We began using Magnesium castings for multiple products over 30 years ago, most notably for our Maxi-Sump Oil Systems. Over that time, we've been able to better understand and develop the Magnesium castings, dies, and machining processes. Aircraft components need to be able to deal with harsh environments including cold temperatures at altitude, hot temperatures during long taxi, acidic oil buildup from non-use, etc. all while being unforgiving to any defective behavior. With over 750 Maxi-Sump systems in the field, we have an excellent level of knowledge as to the effects on Magnesium in aircraft use.

Magnesium alloy castings are used in aerospace applications because they offer a superior strength-to-weight advantage over aluminum and other materials. Our sand castings are alloy AZ92A-T6. This means that both Aluminum and Zinc are the most prevalent elements besides Magnesium in the casting. "T-6" refers to the heat treatment process performed on the raw castings. A T-6 heat treatment significantly increases the strength and hardness without altering the density.

Magnesium castings can be seen as a direct replacement for aluminum castings when a lightweight product is required. A typical cast Magnesium piece will have very similar strength properties to Aluminum. Magnesium also handles elevated temperatures like Aluminum and has similar hardness and elongation ratings. All this with a comparative weight savings of 35%. Magnesium castings also are able to be machined more quickly than aluminum while using less cutting fluid.

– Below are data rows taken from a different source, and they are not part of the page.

(* $\dim_H F(1/2,1)\le \frac12$.
   Context: Every $x\in(0,1)\setminus\mathbb{Q}$ has a unique infinite continued fraction expansion $x=[a_1(x),a_2(x),\dots]$ with partial quotients $a_i(x)\in\mathbb{N}=\{1,2,\dots\}$. For $n\in\mathbb{N}$ let $T_n(x):=\max\{a_k(x):1\le k\le n\}$. Define $$F(1/2,1):=\Big\{x\in(0,1)\setminus\mathbb{Q}:\ \lim_{n\to\infty}\frac{T_n(x)}{e^{\sqrt{n}}}=1\Big\}.$$ $\dim_H$ denotes Hausdorff dimension. *)

theory Defs
  imports "HOL-Analysis.Analysis"
begin

definition gauss_map :: "real \<Rightarrow> real" where
  "gauss_map x = frac (1 / x)"

(* n-th partial quotient a_n(x), n \<ge> 1: a_n(x) = floor (1 / G^(n-1)(x)) *)
definition cf_quot :: "real \<Rightarrow> nat \<Rightarrow> nat" where
  "cf_quot x n = nat \<lfloor>1 / ((gauss_map ^^ (n - 1)) x)\<rfloor>"

definition cf_max :: "nat \<Rightarrow> real \<Rightarrow> nat" where
  "cf_max n x = Max ((cf_quot x) ` {1..n})"

definition F_half_one :: "real set" where
  "F_half_one = {x \<in> {0<..<1} - \<rat>.
      (\<lambda>n. real (cf_max n x) / exp (sqrt (real n))) \<longlonglongrightarrow> 1}"

(* |U|^s with the convention 0^0 = 1 (only used for nonempty U) *)
definition diam_pow :: "real \<Rightarrow> real \<Rightarrow> real" where
  "diam_pow d s = (if s = 0 then 1 else d powr s)"

definition hausdorff_pre :: "real \<Rightarrow> real \<Rightarrow> 'a::metric_space set \<Rightarrow> ennreal" where
  "hausdorff_pre s \<delta> E = (INF U \<in> {U :: nat \<Rightarrow> 'a set. E \<subseteq> (\<Union>i. U i) \<and> (\<forall>i. bounded (U i) \<and> diameter (U i) \<le> \<delta>)}.
      (\<Sum>i. if U i = {} then 0 else ennreal (diam_pow (diameter (U i)) s)))"

definition hausdorff_measure :: "real \<Rightarrow> 'a::metric_space set \<Rightarrow> ennreal" where
  "hausdorff_measure s E = (SUP \<delta> \<in> {0<..}. hausdorff_pre s \<delta> E)"

definition hausdorff_dim :: "'a::metric_space set \<Rightarrow> ereal" where
  "hausdorff_dim E = Inf {ereal s | s. s \<ge> 0 \<and> hausdorff_measure s E = 0}"

end

(* On F(1/2,1) the running maximum T_n of the partial quotients satisfies |ln T_n - sqrt n| <= eps
   eventually, for every eps > 0.  When T jumps at step j+1 we have ln T_(j+1) = ln a_(j+1) and
   ln T_(j+1) - ln T_j <= 3 eps, so (ln T)^2 grows by at most 6 eps ln a_(j+1); since (ln T_n)^2 ~ n,
   telescoping gives ln (a_1 ... a_n) >= n / (12 eps) - O(1).  The level-n cylinder containing x has
   length at most (a_1 ... a_n)^(-2), and splitting (a_1 ... a_n)^(-2s) as
   (a_1 ... a_n)^(-(s+1/2)) (a_1 ... a_n)^(-(s-1/2)) bounds the s-dimensional sum of these cylinders by
   zeta(s+1/2)^n exp (-(s-1/2) n / (12 eps)), which tends to 0 for small eps whenever s > 1/2. *)

theory Submission
  imports Defs
begin

section \<open>Hausdorff pre-measures\<close>

definition hausdorff_summand :: "real \<Rightarrow> 'a::metric_space set \<Rightarrow> ennreal" where
  "hausdorff_summand s U = (if U = {} then 0 else ennreal (diam_pow (diameter U) s))"

lemma hausdorff_pre_le_cover:
  fixes E :: "'a::metric_space set"
  assumes "E \<subseteq> (\<Union>i. U i)" "\<And>i. bounded (U i)" "\<And>i. diameter (U i) \<le> \<delta>"
  shows "hausdorff_pre s \<delta> E \<le> (\<Sum>i. hausdorff_summand s (U i))"
  unfolding hausdorff_pre_def hausdorff_summand_def
  by (rule INF_lower2[of U]) (use assms in auto)

lemma hausdorff_pre_mono:
  fixes A :: "'a::metric_space set"
  assumes "A \<subseteq> B"
  shows "hausdorff_pre s \<delta> A \<le> hausdorff_pre s \<delta> B"
  unfolding hausdorff_pre_def by (rule INF_superset_mono) (use assms in auto)

lemma hausdorff_pre_le_finite_cover:
  fixes E :: "'a::metric_space set" and U :: "'w \<Rightarrow> 'a set"
  assumes "finite W" "E \<subseteq> (\<Union>w\<in>W. U w)" "\<And>w. w \<in> W \<Longrightarrow> bounded (U w)"
    and "\<And>w. w \<in> W \<Longrightarrow> diameter (U w) \<le> \<delta>" "0 \<le> \<delta>" "s > 0"
  shows "hausdorff_pre s \<delta> E \<le> ennreal (\<Sum>w\<in>W. diameter (U w) powr s)"
proof -
  obtain ws where ws: "set ws = W" "distinct ws"
    using finite_distinct_list[OF assms(1)] by blast
  define V where "V i = (if i < length ws then U (ws ! i) else {})" for i
  have "E \<subseteq> (\<Union>i. V i)"
  proof
    fix x assume "x \<in> E"
    then obtain w where w: "w \<in> W" "x \<in> U w" using assms(2) by blast
    then obtain i where "i < length ws" "ws ! i = w" using ws by (metis in_set_conv_nth)
    then show "x \<in> (\<Union>i. V i)" using w by (auto simp: V_def)
  qed
  moreover have "\<And>i. bounded (V i)" "\<And>i. diameter (V i) \<le> \<delta>"
    using assms(3-5) ws by (auto simp: V_def)
  ultimately have "hausdorff_pre s \<delta> E \<le> (\<Sum>i. hausdorff_summand s (V i))"
    by (rule hausdorff_pre_le_cover)
  also have "\<dots> = (\<Sum>i<length ws. hausdorff_summand s (V i))"
    by (rule suminf_finite) (auto simp: V_def hausdorff_summand_def)
  also have "\<dots> \<le> (\<Sum>i<length ws. ennreal (diameter (U (ws ! i)) powr s))"
    by (rule sum_mono) (use assms(6) in \<open>auto simp: V_def hausdorff_summand_def diam_pow_def\<close>)
  also have "\<dots> = ennreal (\<Sum>w\<in>W. diameter (U w) powr s)"
    using sum.reindex_bij_betw[OF bij_betw_nth[OF ws(2) refl refl], of "\<lambda>w. diameter (U w) powr s"]
    by (simp add: ws(1) sum_ennreal)
  finally show ?thesis .
qed

lemma hausdorff_pre_Union_le:
  fixes A :: "nat \<Rightarrow> 'a::metric_space set"
  assumes "\<And>N. A N \<subseteq> (\<Union>i. U N i)" "\<And>N i. bounded (U N i)" "\<And>N i. diameter (U N i) \<le> \<delta>"
  shows "hausdorff_pre s \<delta> (\<Union>N. A N) \<le> (\<Sum>N. \<Sum>i. hausdorff_summand s (U N i))"
proof -
  define V where "V i = (case prod_decode i of (N, j) \<Rightarrow> U N j)" for i
  have "(\<Union>N. A N) \<subseteq> (\<Union>i. V i)"
  proof
    fix x assume "x \<in> (\<Union>N. A N)"
    then obtain N j where "x \<in> U N j" using assms(1) by blast
    then show "x \<in> (\<Union>i. V i)" unfolding V_def by (intro UN_I[of "prod_encode (N, j)"]) auto
  qed
  moreover have "\<And>i. bounded (V i)" "\<And>i. diameter (V i) \<le> \<delta>"
    using assms(2,3) by (auto simp: V_def split: prod.splits)
  ultimately have "hausdorff_pre s \<delta> (\<Union>N. A N) \<le> (\<Sum>i. hausdorff_summand s (V i))"
    by (rule hausdorff_pre_le_cover)
  also have "\<dots> = (\<Sum>N. \<Sum>j. hausdorff_summand s (U N j))"
    using suminf_ennreal_2dimen[of "\<lambda>N. \<Sum>j. hausdorff_summand s (U N j)"
        "\<lambda>(N, j). hausdorff_summand s (U N j)"]
    by (simp add: V_def case_prod_unfold)
  finally show ?thesis .
qed

lemma hausdorff_pre_Union_eq_0:
  fixes A :: "nat \<Rightarrow> 'a::metric_space set"
  assumes "\<And>N. hausdorff_pre s \<delta> (A N) = 0"
  shows "hausdorff_pre s \<delta> (\<Union>N. A N) = 0"
proof -
  have "hausdorff_pre s \<delta> (\<Union>N. A N) \<le> 0 + ennreal e" if e: "e > 0" for e
  proof -
    have "\<exists>U. A N \<subseteq> (\<Union>i. U i) \<and> (\<forall>i. bounded (U i) \<and> diameter (U i) \<le> \<delta>) \<and>
            (\<Sum>i. hausdorff_summand s (U i)) < ennreal (e / 2 ^ Suc N)" for N
    proof -
      have "hausdorff_pre s \<delta> (A N) < ennreal (e / 2 ^ Suc N)" using assms e by simp
      then show ?thesis unfolding hausdorff_pre_def hausdorff_summand_def INF_less_iff by auto
    qed
    then obtain U where U: "\<And>N. A N \<subseteq> (\<Union>i. U N i)" "\<And>N i. bounded (U N i)"
       "\<And>N i. diameter (U N i) \<le> \<delta>" "\<And>N. (\<Sum>i. hausdorff_summand s (U N i)) < ennreal (e / 2 ^ Suc N)"
      by metis
    have "hausdorff_pre s \<delta> (\<Union>N. A N) \<le> (\<Sum>N. \<Sum>i. hausdorff_summand s (U N i))"
      using U(1-3) by (rule hausdorff_pre_Union_le)
    also have "\<dots> \<le> (\<Sum>N. ennreal (e / 2 ^ Suc N))"
      by (intro suminf_le less_imp_le U(4)) auto
    also have "\<dots> = ennreal e"
    proof -
      have "(\<lambda>N. e / 2 ^ Suc N) sums e"
        using power_half_series sums_mult[of "\<lambda>n. (1/2::real) ^ Suc n" 1 e]
        by (simp add: field_simps)
      then show ?thesis using e by (intro suminf_ennreal_eq) auto
    qed
    finally show ?thesis by simp
  qed
  then have "hausdorff_pre s \<delta> (\<Union>N. A N) \<le> 0" by (rule ennreal_le_epsilon) auto
  then show ?thesis by simp
qed

lemma hausdorff_pre_eq_0_if_tendsto:
  fixes E :: "'a::metric_space set"
  assumes "\<forall>\<^sub>F n in sequentially. hausdorff_pre s \<delta> E \<le> ennreal (b n)" "b \<longlonglongrightarrow> 0"
  shows "hausdorff_pre s \<delta> E = 0"
proof -
  have "hausdorff_pre s \<delta> E \<le> ennreal 0"
    by (rule tendsto_le[OF trivial_limit_sequentially tendsto_ennrealI[OF assms(2)]
          tendsto_const assms(1)])
  then show ?thesis by simp
qed

lemma hausdorff_dim_le:
  fixes E :: "'a::metric_space set"
  assumes "0 \<le> d" "\<And>s. d < s \<Longrightarrow> hausdorff_measure s E = 0"
  shows "hausdorff_dim E \<le> ereal d"
proof (rule dense_ge)
  fix y :: ereal assume y: "ereal d < y"
  show "hausdorff_dim E \<le> y"
  proof (cases y)
    case (real r)
    with y assms have "ereal r \<in> {ereal s | s. s \<ge> 0 \<and> hausdorff_measure s E = 0}" by auto
    then show ?thesis unfolding hausdorff_dim_def real by (rule Inf_lower)
  qed (use y in auto)
qed

section \<open>Continued fraction cylinders\<close>

definition irrationals01 :: "real set" where
  "irrationals01 = {0<..<1} - \<rat>"

lemma gauss_map_in_irrationals01:
  assumes "x \<in> irrationals01"
  shows "gauss_map x \<in> irrationals01"
proof -
  have x: "0 < x" "x \<notin> \<rat>" using assms by (auto simp: irrationals01_def)
  have "1 / x \<notin> \<rat>" using x(2) by (metis Rats_divide Rats_1 divide_divide_eq_right div_by_1 mult_1)
  have frac_irrational: "frac (1 / x) \<notin> \<rat>"
  proof
    assume "frac (1 / x) \<in> \<rat>"
    then have "frac (1 / x) + of_int \<lfloor>1 / x\<rfloor> \<in> \<rat>" by (intro Rats_add) auto
    then show False using \<open>1 / x \<notin> \<rat>\<close> by (simp add: frac_def)
  qed
  then have "frac (1 / x) \<noteq> 0" by (metis Rats_0)
  with frac_irrational show ?thesis
    by (auto simp: irrationals01_def gauss_map_def frac_lt_1 order.not_eq_order_implies_strict)
qed

lemma funpow_gauss_map_in_irrationals01:
  "x \<in> irrationals01 \<Longrightarrow> (gauss_map ^^ n) x \<in> irrationals01"
  by (induction n) (auto intro: gauss_map_in_irrationals01)

lemma cf_quot_1_gauss_map:
  assumes "x \<in> irrationals01"
  shows "x = 1 / (real (cf_quot x 1) + gauss_map x)" and "cf_quot x 1 \<ge> 1"
proof -
  have x: "0 < x" "x < 1" using assms by (auto simp: irrationals01_def)
  then have floor_ge_1: "\<lfloor>1 / x\<rfloor> \<ge> 1" by (simp add: le_floor_iff)
  show "cf_quot x 1 \<ge> 1" using nat_mono[OF floor_ge_1] by (simp add: cf_quot_def)
  have "real (cf_quot x 1) + gauss_map x = 1 / x"
    using x by (simp add: cf_quot_def gauss_map_def frac_def)
  then show "x = 1 / (real (cf_quot x 1) + gauss_map x)" by simp
qed

lemma cf_quot_Suc: "k \<ge> 1 \<Longrightarrow> cf_quot x (Suc k) = cf_quot (gauss_map x) k"
  by (cases k) (simp_all add: cf_quot_def funpow_Suc_right del: funpow.simps)

lemma cf_quot_ge_1:
  assumes "x \<in> irrationals01" "k \<ge> 1"
  shows "cf_quot x k \<ge> 1"
proof -
  have "cf_quot x k = cf_quot ((gauss_map ^^ (k - 1)) x) 1" by (simp add: cf_quot_def)
  then show ?thesis
    using cf_quot_1_gauss_map(2)[OF funpow_gauss_map_in_irrationals01[OF assms(1)]] by simp
qed

text \<open>\<open>cf_branch [a\<^sub>1, \<dots>, a\<^sub>n] y = [a\<^sub>1, \<dots>, a\<^sub>n + y]\<close> inverts the \<open>n\<close>-th iterate of the Gauss map on
  the points whose first \<open>n\<close> partial quotients are \<open>a\<^sub>1, \<dots>, a\<^sub>n\<close>.\<close>

fun cf_branch :: "nat list \<Rightarrow> real \<Rightarrow> real" where
  "cf_branch [] y = y"
| "cf_branch (a # w) y = 1 / (real a + cf_branch w y)"

definition cf_prefix :: "real \<Rightarrow> nat \<Rightarrow> nat list" where
  "cf_prefix x n = map (cf_quot x) [1..<Suc n]"

definition word_prod :: "nat list \<Rightarrow> real" where
  "word_prod w = prod_list (map real w)"

definition cylinder :: "nat list \<Rightarrow> real set" where
  "cylinder w = cf_branch w ` {0..1}"

lemma word_prod_simps [simp]: "word_prod [] = 1" "word_prod (a # w) = real a * word_prod w"
  by (simp_all add: word_prod_def)

lemma cf_prefix_Suc: "cf_prefix x (Suc n) = cf_quot x 1 # cf_prefix (gauss_map x) n"
proof -
  have "[1..<Suc (Suc n)] = 1 # map Suc [1..<Suc n]"
    by (simp add: upt_conv_Cons map_Suc_upt del: upt_Suc)
  then show ?thesis by (simp add: cf_prefix_def cf_quot_Suc del: upt_Suc)
qed

lemma cf_branch_cf_prefix:
  "x \<in> irrationals01 \<Longrightarrow> x = cf_branch (cf_prefix x n) ((gauss_map ^^ n) x)"
proof (induction n arbitrary: x)
  case 0
  then show ?case by (simp add: cf_prefix_def)
next
  case (Suc n)
  have "cf_branch (cf_prefix x (Suc n)) ((gauss_map ^^ Suc n) x) =
        1 / (real (cf_quot x 1) + cf_branch (cf_prefix (gauss_map x) n) ((gauss_map ^^ n) (gauss_map x)))"
    by (simp add: cf_prefix_Suc funpow_Suc_right del: funpow.simps)
  also have "\<dots> = x"
    using Suc.IH[OF gauss_map_in_irrationals01[OF Suc.prems]] cf_quot_1_gauss_map(1)[OF Suc.prems]
    by simp
  finally show ?case by simp
qed

lemma cf_prefix_nonzero: "x \<in> irrationals01 \<Longrightarrow> 0 \<notin> set (cf_prefix x n)"
  using cf_quot_ge_1[of x] by (force simp: cf_prefix_def)

lemma in_cylinder_cf_prefix:
  assumes "x \<in> irrationals01"
  shows "x \<in> cylinder (cf_prefix x n)"
proof -
  have "(gauss_map ^^ n) x \<in> {0..1}"
    using funpow_gauss_map_in_irrationals01[OF assms, of n] by (auto simp: irrationals01_def)
  then show ?thesis using cf_branch_cf_prefix[OF assms, of n] unfolding cylinder_def by blast
qed
theorem NWD_separable_prod_sequence_pi_base:
  fixes q :: "nat \<Rightarrow> 'b" and P :: "nat \<Rightarrow> 'b set"
  assumes pb: "pi_base X \<U>" and od: "omega_deep X \<U>" and "t1_space Z"
    and crowded: "\<And>J. openin Z J \<Longrightarrow> J \<noteq> {} \<Longrightarrow> infinite J"
    and q: "range q = topspace Z"
    and P: "pi_base Z (range P)"
  shows "NWD_separable (prod_topology X Z)"
  unfolding NWD_separable_def
proof (intro allI impI)
  let ?Y = "prod_topology X Z"
  fix D :: "nat \<Rightarrow> ('a \<times> 'b) set"
  assume D: "\<forall>n. dense_set ?Y (D n)"
  define A where "A n k = {x. (x, q k) \<in> D n \<and> q k \<in> P n}" for n k
  define E where "E n = (\<Union>k. closure_disjointed X (A n) k \<times> {q k})" for n
  have D_sub: "D n \<subseteq> topspace X \<times> topspace Z" for n
    using D by (simp add: dense_set_def)
  then have A_sub: "A n k \<subseteq> topspace X" for n k
    by (auto simp: A_def)
  have E_sub: "E n \<subseteq> D n" for n
    by (auto simp: E_def A_def closure_disjointed_def)
  have B_sub: "closure_disjointed X (A n) k \<subseteq> topspace X" for n k
    using closure_disjointed_subset A_sub by (rule order_trans)
  have nwd: "nowhere_dense ?Y (E n)" for n
    unfolding E_def
  proof (rule nowhere_dense_Union_Times_sequence[OF pb od \<open>t1_space Z\<close>])
    show "infinite J" if "openin Z J" "J \<noteq> {}" for J using crowded that .
    show "range q \<subseteq> topspace Z" using q by simp
  qed (rule B_sub, rule closure_disjointed_Int_closure_of)
  have "(\<Union>n. E n) \<inter> T \<noteq> {}" if T: "openin ?Y T" "T \<noteq> {}" for T
  proof -
    obtain x z where "(x, z) \<in> T" using T(2) by auto
    then obtain V J where VJ: "openin X V" "openin Z J" "x \<in> V" "z \<in> J" "V \<times> J \<subseteq> T"
      using T(1) unfolding openin_prod_topology_alt by meson
    have "J \<noteq> {}" using VJ(4) by blast
    then obtain n where "P n \<subseteq> J"
      using P VJ(2) unfolding pi_base_def by blast
    have "openin Z (P n)" "P n \<noteq> {}" using P unfolding pi_base_def by blast+
    moreover have "V \<noteq> {}" using VJ(3) by blast
    ultimately obtain k y where "q k \<in> P n" "y \<in> V" "y \<in> closure_disjointed X (A n) k"
      using closure_disjointed_sections_meet[OF D[rule_format] q _ _ VJ(1)]
      unfolding A_def by blast
    then have "(y, q k) \<in> T \<inter> E n"
      using \<open>P n \<subseteq> J\<close> VJ(5) by (auto simp: E_def)
    then show ?thesis by blast
  qed
  moreover have "(\<Union>n. E n) \<subseteq> topspace ?Y"
    using nwd unfolding nowhere_dense_def by blast
  ultimately have "dense_set ?Y (\<Union>n. E n)"
    unfolding dense_set_def dense_intersects_open by blast
  with E_sub nwd
  show "\<exists>E. (\<forall>n. E n \<subseteq> D n \<and> nowhere_dense ?Y (E n)) \<and> dense_set ?Y (\<Union>n. E n)"
    by blast
qed

lemma real_islimpt_Rats: "(q::real) islimpt \<rat>"
  unfolding islimpt_approachable
proof (intro allI impI)
  fix e :: real
  assume "0 < e"
  then obtain r where "r \<in> \<rat>" "q < r" "r < q + e"
    using Rats_dense_in_real by (metis less_add_same_cancel1)
  then show "\<exists>r\<in>\<rat>. r \<noteq> q \<and> dist r q < e"
    by (intro bexI[of _ r]) (auto simp: dist_real_def)
qed

lemma infinite_openin_rat_topology:
  assumes "openin rat_topology J" "J \<noteq> {}"
  shows "infinite J"
proof -
  obtain T q where T: "open T" "J = T \<inter> \<rat>" "q \<in> J"
    using assms by (auto simp: rat_topology_def openin_subtopology)
  then obtain e where "e > 0" "ball q e \<subseteq> T"
    using open_contains_ball by blast
  moreover have "infinite (\<rat> \<inter> ball q e)"
    using real_islimpt_Rats \<open>e > 0\<close> islimpt_eq_infinite_ball by blast
  ultimately show ?thesis
    using T(2) by (metis Int_commute Int_mono finite_subset order_refl)
qed

lemma t1_space_rat_topology: "t1_space rat_topology"
  by (simp add: rat_topology_def t1_space_subtopology t1_space_euclidean)

lemma topspace_rat_topology: "topspace rat_topology = \<rat>"
  by (simp add: rat_topology_def)

lemma range_from_nat_into_Rats: "range (from_nat_into \<rat>) = (\<rat> :: real set)"
  using Rats_0 countable_rat by (intro range_from_nat_into) auto

lemma openin_rat_topology_ball: "openin rat_topology (ball c r \<inter> \<rat>)"
  by (auto simp: rat_topology_def openin_subtopology)

lemma rat_topology_sequence_pi_base: "\<exists>P :: nat \<Rightarrow> real set. pi_base rat_topology (range P)"
proof -
  define P :: "nat \<Rightarrow> real set" where "P n = (case prod_decode n of (a, m) \<Rightarrow>
    ball (from_nat_into \<rat> a) (inverse (Suc m)) \<inter> \<rat>)" for n
  have P_open: "openin rat_topology (P n)" for n
    by (simp add: P_def openin_rat_topology_ball split: prod.split)
  have P_nonempty: "P n \<noteq> {}" for n
  proof -
    obtain a m where "prod_decode n = (a, m)" by (cases "prod_decode n")
    moreover have "from_nat_into \<rat> a \<in> (\<rat> :: real set)"
      using Rats_0 by (metis empty_iff from_nat_into)
    ultimately have "from_nat_into \<rat> a \<in> P n" by (simp add: P_def)
    then show ?thesis by blast
  qed
  have P_inside: "\<exists>n. P n \<subseteq> J" if J: "openin rat_topology J" "z \<in> J" for J z
  proof -
    obtain T where T: "open T" "J = T \<inter> \<rat>"
      using J(1) by (auto simp: rat_topology_def openin_subtopology)
    then obtain e where "e > 0" "ball z e \<subseteq> T"
      using J(2) open_contains_ball by blast
    moreover obtain m where "inverse (real (Suc m)) < e"
      using reals_Archimedean[OF \<open>e > 0\<close>] by blast
    ultimately have "ball z (inverse (Suc m)) \<inter> \<rat> \<subseteq> J"
      using T(2) ball_subset_ball_iff[of z "inverse (Suc m)" z e] by auto
    moreover obtain a where "from_nat_into \<rat> a = z"
      using J(2) T(2) range_from_nat_into_Rats by (metis IntD2 rangeE)
    ultimately have "P (prod_encode (a, m)) \<subseteq> J" by (simp add: P_def)
    then show ?thesis by blast
  qed
  have "pi_base rat_topology (range P)"
    unfolding pi_base_def
  proof (intro conjI)
    show "\<forall>U\<in>range P. openin rat_topology U \<and> U \<noteq> {}"
      using P_open P_nonempty by auto
    show "\<forall>J. openin rat_topology J \<and> J \<noteq> {} \<longrightarrow> (\<exists>U\<in>range P. U \<subseteq> J)"
    proof (intro allI impI)
      fix J assume J: "openin rat_topology J \<and> J \<noteq> {}"
      then obtain z where "z \<in> J" by blast
      then obtain n where "P n \<subseteq> J" using J P_inside by blast
      then show "\<exists>U\<in>range P. U \<subseteq> J" by blast
    qed
  qed
  then show ?thesis by blast
qed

Magnesium does have some issues that are important to understand. Because of it's relative scarcity, raw material cost is higher for Magnesium than Aluminum. Also, whereas aluminum naturally builds it's own protective coating to fight oxidation, Magnesium requires an applied chemical process to resist oxidation and seal the surface. Unfortunately, this process turns raw magnesium from an attractive bright silver color to a less attractive grey/green.

As the use of composites has increased over the past 10 years to replace metals in various aerospace components, a few companies have attempted to use composites in the manufacturing of engine parts. To understand the effectiveness of composite engine parts, it's necessary to note the differences in composite properties - both positive and negative - compared with metals. Even the best composite structures still lack the significant strength and chemical resistance properties to be safely utilized in aircraft engine applications where high ambient temperatures can quickly degrade the structure. The chart below gives a good representation of the properties of each material. It shows that while composite/resin structures are significantly lighter per volume than aluminum, they weigh similarly to Magnesium, but give up significant strength and temperature ratings.